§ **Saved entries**
[Start of section]
lemma derived_generate_insert_subset_centralizer:
  assumes "subgroup B G" "z \<in> centralizer G B" "p \<in> B" "S \<subseteq> centralizer G B"
  shows "derived G (generate G (insert (z \<otimes> inv p) S)) \<subseteq> centralizer G B"
proof -
  have Bc: "B \<subseteq> carrier G"
    using assms(1) by (rule subgroup.subset)
  have "inv p \<in> generate G {p}"
    by (simp add: generate.inv)
  then have "z \<otimes> inv p \<in> centralizer G B <#> generate G {p}"
    using assms(2) unfolding set_mult_def by blast
  moreover have "s \<in> centralizer G B <#> generate G {p}" if "s \<in> S" for s
  proof -
    have "s = s \<otimes> \<one>" and "s \<in> centralizer G B"
      using that assms(4) unfolding centralizer_def by auto
    then show ?thesis
      using generate.one[of G "{p}"] unfolding set_mult_def by blast
  qed
  moreover have "p \<in> centralizer G (centralizer G B)"
    using assms(3) Bc unfolding centralizer_def by auto
  ultimately show ?thesis
    using derived_generate_subset_mult_cyclic[OF subgroup_centralizer[OF Bc]] by blast
qed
[End of section]
§ **What is needed**
Exact reproduction of every entry is needed.

§ **Problem solution**
lemma derived_generate_insert_subset_centralizer:
  assumes "subgroup B G" "z \<in> centralizer G B" "p \<in> B" "S \<subseteq> centralizer G B"
  shows "derived G (generate G (insert (z \<otimes> inv p) S)) \<subseteq> centralizer G B"
proof -
  have Bc: "B \<subseteq> carrier G"
    using assms(1) by (rule subgroup.subset)
  have "inv p \<in> generate G {p}"
    by (simp add: generate.inv)
  then have "z \<otimes> inv p \<in> centralizer G B <#> generate G {p}"
    using assms(2) unfolding set_mult_def by blast
  moreover have "s \<in> centralizer G B <#> generate G {p}" if "s \<in> S" for s
  proof -
    have "s = s \<otimes> \<one>" and "s \<in> centralizer G B"
      using that assms(4) unfolding centralizer_def by auto
    then show ?thesis
      using generate.one[of G "{p}"] unfolding set_mult_def by blast
  qed
  moreover have "p \<in> centralizer G (centralizer G B)"
    using assms(3) Bc unfolding centralizer_def by auto
  ultimately show ?thesis
    using derived_generate_subset_mult_cyclic[OF subgroup_centralizer[OF Bc]] by blast
qed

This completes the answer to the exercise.